- [EXERCISE DESCRIPTION]
For each line in the data below that has the word "oprod", copy that line.

■ ■ ■ ■

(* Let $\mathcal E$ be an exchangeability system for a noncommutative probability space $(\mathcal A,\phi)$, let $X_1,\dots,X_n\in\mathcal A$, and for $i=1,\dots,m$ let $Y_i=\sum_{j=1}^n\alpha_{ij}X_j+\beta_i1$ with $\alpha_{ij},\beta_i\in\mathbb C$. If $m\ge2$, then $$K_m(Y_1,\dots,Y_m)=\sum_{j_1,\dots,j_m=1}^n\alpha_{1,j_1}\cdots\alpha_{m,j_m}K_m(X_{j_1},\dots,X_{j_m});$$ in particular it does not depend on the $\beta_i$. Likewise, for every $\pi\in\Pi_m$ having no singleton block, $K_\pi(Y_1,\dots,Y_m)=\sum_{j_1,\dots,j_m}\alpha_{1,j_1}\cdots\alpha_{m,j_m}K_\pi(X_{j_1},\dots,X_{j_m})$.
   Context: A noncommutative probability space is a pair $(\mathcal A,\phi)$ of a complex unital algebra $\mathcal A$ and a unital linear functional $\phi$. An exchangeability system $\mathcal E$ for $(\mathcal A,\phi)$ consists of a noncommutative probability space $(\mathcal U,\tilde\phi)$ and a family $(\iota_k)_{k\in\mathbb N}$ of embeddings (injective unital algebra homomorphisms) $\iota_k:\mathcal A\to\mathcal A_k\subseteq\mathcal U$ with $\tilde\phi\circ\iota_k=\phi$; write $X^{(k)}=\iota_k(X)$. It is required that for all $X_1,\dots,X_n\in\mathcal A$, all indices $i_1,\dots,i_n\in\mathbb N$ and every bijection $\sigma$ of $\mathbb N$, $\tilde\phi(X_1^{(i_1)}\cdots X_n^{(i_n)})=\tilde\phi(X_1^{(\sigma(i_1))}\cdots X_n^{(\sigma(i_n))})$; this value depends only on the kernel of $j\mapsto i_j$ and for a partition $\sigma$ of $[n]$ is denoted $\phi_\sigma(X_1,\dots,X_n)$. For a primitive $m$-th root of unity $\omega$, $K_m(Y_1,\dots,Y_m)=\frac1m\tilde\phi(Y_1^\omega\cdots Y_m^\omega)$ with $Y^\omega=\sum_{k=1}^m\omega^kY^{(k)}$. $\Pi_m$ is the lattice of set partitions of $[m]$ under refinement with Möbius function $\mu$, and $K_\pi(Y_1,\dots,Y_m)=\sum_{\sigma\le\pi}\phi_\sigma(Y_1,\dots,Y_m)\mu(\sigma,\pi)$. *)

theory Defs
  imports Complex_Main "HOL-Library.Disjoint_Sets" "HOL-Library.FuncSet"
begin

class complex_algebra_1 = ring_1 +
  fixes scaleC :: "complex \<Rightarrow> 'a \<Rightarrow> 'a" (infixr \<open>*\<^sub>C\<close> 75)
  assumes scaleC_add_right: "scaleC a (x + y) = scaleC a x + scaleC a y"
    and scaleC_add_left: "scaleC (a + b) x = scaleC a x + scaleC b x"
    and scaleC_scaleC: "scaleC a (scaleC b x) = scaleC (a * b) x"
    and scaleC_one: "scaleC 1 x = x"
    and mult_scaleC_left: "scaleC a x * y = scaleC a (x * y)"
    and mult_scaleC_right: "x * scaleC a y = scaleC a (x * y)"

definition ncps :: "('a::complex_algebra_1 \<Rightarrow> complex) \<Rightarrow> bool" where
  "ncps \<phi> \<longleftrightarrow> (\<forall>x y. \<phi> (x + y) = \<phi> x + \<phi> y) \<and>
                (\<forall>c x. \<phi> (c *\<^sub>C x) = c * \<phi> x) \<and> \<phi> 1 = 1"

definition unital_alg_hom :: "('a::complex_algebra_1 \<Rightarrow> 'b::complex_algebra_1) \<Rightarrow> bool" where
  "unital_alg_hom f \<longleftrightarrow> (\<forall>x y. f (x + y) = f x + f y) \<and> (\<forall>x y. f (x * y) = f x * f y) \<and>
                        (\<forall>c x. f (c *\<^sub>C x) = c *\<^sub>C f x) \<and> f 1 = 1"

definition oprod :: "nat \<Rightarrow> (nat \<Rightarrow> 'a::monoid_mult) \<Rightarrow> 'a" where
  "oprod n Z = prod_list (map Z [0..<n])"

■ ■ ■ ■

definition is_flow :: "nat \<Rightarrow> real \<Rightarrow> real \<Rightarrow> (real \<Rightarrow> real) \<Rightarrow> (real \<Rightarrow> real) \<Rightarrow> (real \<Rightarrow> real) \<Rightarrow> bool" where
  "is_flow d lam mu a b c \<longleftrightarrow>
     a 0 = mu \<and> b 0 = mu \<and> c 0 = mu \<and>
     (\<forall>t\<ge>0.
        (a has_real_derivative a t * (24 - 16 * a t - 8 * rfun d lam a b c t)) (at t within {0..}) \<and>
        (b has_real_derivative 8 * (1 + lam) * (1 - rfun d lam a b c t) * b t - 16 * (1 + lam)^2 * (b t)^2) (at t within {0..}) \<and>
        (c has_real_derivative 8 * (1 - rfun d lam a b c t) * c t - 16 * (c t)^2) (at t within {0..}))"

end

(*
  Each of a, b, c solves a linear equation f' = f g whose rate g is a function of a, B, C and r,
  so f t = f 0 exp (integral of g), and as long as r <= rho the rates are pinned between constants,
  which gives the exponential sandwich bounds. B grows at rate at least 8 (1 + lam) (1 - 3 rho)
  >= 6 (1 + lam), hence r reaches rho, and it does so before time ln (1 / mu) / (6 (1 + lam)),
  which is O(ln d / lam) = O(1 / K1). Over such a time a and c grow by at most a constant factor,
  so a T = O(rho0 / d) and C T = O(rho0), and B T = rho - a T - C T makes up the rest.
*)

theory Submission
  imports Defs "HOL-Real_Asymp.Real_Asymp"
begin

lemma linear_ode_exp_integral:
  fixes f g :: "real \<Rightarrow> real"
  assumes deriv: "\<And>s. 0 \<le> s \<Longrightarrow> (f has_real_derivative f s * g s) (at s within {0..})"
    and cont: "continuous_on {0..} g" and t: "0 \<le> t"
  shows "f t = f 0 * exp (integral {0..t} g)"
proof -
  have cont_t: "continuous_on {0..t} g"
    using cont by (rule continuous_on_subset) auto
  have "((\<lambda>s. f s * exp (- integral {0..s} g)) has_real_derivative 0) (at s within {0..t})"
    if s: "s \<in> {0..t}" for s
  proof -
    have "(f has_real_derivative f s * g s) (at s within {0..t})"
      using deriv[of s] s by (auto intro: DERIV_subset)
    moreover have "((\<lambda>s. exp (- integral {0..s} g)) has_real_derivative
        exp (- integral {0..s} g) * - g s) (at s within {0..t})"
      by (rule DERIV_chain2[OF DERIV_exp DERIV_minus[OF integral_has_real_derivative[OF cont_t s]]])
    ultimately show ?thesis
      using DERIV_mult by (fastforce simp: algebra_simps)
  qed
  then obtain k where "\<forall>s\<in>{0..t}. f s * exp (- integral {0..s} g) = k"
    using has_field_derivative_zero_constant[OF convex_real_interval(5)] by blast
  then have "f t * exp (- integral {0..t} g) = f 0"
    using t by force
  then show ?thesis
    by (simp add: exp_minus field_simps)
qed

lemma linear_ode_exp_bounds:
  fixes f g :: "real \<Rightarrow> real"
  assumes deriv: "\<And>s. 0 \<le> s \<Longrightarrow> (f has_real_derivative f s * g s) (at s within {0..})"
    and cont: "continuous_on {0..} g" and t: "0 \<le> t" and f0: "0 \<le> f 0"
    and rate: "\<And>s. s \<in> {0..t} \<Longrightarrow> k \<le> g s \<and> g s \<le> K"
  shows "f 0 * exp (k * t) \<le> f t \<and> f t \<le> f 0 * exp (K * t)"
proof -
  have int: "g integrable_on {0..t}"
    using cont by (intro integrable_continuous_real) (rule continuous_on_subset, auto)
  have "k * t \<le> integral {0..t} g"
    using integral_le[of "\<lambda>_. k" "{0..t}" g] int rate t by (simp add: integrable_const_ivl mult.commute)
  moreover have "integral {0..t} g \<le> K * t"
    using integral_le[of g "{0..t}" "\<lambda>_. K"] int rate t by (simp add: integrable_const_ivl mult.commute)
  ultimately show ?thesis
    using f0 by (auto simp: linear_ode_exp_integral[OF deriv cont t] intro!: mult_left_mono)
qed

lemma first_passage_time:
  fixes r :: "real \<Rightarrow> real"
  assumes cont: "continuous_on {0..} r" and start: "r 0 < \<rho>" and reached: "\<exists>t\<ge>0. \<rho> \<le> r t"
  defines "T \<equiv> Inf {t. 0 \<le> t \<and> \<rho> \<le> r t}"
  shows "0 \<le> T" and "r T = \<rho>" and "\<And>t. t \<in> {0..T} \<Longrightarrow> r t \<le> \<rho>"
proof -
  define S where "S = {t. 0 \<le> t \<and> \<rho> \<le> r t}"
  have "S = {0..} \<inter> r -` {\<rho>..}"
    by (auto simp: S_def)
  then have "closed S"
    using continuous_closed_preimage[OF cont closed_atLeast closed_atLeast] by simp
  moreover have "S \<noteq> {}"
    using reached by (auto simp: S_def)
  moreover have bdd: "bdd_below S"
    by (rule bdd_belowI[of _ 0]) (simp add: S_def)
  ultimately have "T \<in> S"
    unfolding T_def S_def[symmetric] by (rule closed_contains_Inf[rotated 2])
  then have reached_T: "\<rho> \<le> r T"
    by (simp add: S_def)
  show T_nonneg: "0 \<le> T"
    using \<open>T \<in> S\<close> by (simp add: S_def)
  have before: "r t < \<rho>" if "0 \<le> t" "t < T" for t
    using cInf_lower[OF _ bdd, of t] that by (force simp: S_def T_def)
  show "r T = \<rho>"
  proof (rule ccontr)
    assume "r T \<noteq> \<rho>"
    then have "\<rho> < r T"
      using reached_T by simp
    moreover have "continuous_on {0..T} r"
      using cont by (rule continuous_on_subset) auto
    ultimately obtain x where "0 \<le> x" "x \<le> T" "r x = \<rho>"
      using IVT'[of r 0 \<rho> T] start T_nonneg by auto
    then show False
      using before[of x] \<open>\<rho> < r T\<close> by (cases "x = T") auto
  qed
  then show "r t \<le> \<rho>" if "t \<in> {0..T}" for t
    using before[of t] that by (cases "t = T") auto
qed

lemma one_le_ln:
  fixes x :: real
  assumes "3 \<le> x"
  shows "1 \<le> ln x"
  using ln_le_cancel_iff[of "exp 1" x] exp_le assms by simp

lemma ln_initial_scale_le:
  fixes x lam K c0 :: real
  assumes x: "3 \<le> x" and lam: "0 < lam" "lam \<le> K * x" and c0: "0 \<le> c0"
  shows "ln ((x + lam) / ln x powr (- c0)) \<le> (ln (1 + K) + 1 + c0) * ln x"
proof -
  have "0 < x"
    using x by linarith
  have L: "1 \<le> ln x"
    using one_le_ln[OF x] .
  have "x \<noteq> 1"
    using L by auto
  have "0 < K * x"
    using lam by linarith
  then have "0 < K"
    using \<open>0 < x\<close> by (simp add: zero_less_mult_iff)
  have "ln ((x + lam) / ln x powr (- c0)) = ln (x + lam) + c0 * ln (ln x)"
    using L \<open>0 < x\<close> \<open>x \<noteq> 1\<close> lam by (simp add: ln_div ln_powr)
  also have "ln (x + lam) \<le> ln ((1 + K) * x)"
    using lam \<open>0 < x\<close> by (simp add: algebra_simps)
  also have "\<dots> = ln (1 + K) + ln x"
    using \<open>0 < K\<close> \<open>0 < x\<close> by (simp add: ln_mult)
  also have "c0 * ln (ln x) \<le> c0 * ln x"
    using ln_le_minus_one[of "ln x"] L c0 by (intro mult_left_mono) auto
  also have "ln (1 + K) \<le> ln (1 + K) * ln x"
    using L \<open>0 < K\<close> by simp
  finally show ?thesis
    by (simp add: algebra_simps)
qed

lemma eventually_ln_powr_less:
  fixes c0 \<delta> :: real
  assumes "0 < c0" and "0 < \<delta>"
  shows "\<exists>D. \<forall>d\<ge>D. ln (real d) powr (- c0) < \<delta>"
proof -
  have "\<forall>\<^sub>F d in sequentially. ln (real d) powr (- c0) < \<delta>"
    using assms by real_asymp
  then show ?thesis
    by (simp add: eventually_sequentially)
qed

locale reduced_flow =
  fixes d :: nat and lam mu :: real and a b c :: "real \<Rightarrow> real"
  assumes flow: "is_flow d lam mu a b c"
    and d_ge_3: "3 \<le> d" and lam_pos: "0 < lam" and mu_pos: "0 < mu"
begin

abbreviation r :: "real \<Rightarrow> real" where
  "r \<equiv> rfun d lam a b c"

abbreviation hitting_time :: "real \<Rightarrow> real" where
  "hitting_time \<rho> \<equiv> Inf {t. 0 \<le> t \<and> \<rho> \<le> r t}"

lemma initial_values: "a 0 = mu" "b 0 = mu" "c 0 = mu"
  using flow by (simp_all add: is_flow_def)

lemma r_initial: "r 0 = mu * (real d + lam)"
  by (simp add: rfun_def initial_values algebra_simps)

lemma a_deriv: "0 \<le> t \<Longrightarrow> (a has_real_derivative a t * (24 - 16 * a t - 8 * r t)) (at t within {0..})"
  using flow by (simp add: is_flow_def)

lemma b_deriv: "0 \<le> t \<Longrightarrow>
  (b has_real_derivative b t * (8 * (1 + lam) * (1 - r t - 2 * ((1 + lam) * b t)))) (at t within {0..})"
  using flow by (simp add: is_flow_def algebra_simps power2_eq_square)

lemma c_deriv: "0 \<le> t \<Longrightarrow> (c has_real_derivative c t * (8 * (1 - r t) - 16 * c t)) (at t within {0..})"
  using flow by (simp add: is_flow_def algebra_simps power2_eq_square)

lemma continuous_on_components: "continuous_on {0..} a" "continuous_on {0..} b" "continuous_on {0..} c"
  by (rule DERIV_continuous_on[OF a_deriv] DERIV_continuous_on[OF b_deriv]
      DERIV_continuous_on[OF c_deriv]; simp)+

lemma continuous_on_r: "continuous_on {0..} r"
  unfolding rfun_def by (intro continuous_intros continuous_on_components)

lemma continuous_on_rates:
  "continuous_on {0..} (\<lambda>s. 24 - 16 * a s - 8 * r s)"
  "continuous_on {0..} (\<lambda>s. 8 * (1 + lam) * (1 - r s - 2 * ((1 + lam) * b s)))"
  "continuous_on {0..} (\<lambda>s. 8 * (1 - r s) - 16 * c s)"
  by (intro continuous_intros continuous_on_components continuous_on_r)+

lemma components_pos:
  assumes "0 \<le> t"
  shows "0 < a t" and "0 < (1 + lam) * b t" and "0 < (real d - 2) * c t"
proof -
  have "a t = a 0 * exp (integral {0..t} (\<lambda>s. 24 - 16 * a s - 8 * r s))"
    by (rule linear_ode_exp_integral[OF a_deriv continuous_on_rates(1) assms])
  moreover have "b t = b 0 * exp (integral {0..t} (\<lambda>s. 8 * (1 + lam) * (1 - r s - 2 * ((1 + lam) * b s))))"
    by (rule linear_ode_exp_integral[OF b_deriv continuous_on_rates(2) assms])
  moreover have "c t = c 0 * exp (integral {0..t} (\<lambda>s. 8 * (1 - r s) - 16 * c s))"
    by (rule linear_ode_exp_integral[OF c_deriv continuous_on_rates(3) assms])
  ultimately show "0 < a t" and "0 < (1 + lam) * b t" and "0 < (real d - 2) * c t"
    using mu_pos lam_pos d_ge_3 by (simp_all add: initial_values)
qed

■ ■ ■ ■

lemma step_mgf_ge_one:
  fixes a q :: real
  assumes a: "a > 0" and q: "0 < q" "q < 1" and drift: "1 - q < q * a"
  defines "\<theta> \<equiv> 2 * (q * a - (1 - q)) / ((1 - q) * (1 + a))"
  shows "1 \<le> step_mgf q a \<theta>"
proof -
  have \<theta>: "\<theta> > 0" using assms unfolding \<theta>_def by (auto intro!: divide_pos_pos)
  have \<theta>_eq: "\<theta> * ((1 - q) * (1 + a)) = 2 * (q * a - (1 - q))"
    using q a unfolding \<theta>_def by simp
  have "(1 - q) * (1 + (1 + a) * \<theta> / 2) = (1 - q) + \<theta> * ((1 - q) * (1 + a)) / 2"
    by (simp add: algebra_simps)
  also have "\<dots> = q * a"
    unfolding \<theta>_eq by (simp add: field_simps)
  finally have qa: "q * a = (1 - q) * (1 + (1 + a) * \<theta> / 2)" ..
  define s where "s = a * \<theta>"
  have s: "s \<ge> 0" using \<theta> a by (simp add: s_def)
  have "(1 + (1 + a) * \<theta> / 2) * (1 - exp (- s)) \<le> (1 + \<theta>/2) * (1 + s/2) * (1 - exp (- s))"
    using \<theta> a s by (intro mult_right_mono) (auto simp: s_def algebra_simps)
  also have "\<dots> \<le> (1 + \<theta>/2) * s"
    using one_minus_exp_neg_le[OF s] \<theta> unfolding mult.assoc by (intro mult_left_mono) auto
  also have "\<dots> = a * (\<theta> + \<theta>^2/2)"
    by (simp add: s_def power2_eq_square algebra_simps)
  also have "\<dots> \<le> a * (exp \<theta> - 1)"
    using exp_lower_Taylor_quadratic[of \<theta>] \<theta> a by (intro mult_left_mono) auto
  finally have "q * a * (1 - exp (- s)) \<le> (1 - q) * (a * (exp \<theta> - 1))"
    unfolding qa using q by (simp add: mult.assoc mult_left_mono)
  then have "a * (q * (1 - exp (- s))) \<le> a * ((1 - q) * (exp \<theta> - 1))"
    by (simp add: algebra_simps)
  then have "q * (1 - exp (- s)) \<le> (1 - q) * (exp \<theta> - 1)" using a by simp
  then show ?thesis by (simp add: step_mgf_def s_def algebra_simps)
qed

■ ■ ■ ■

- [RESULT OF THE EXERCISE]
definition oprod :: "nat \<Rightarrow> (nat \<Rightarrow> 'a::monoid_mult) \<Rightarrow> 'a" where
  "oprod n Z = prod_list (map Z [0..<n])"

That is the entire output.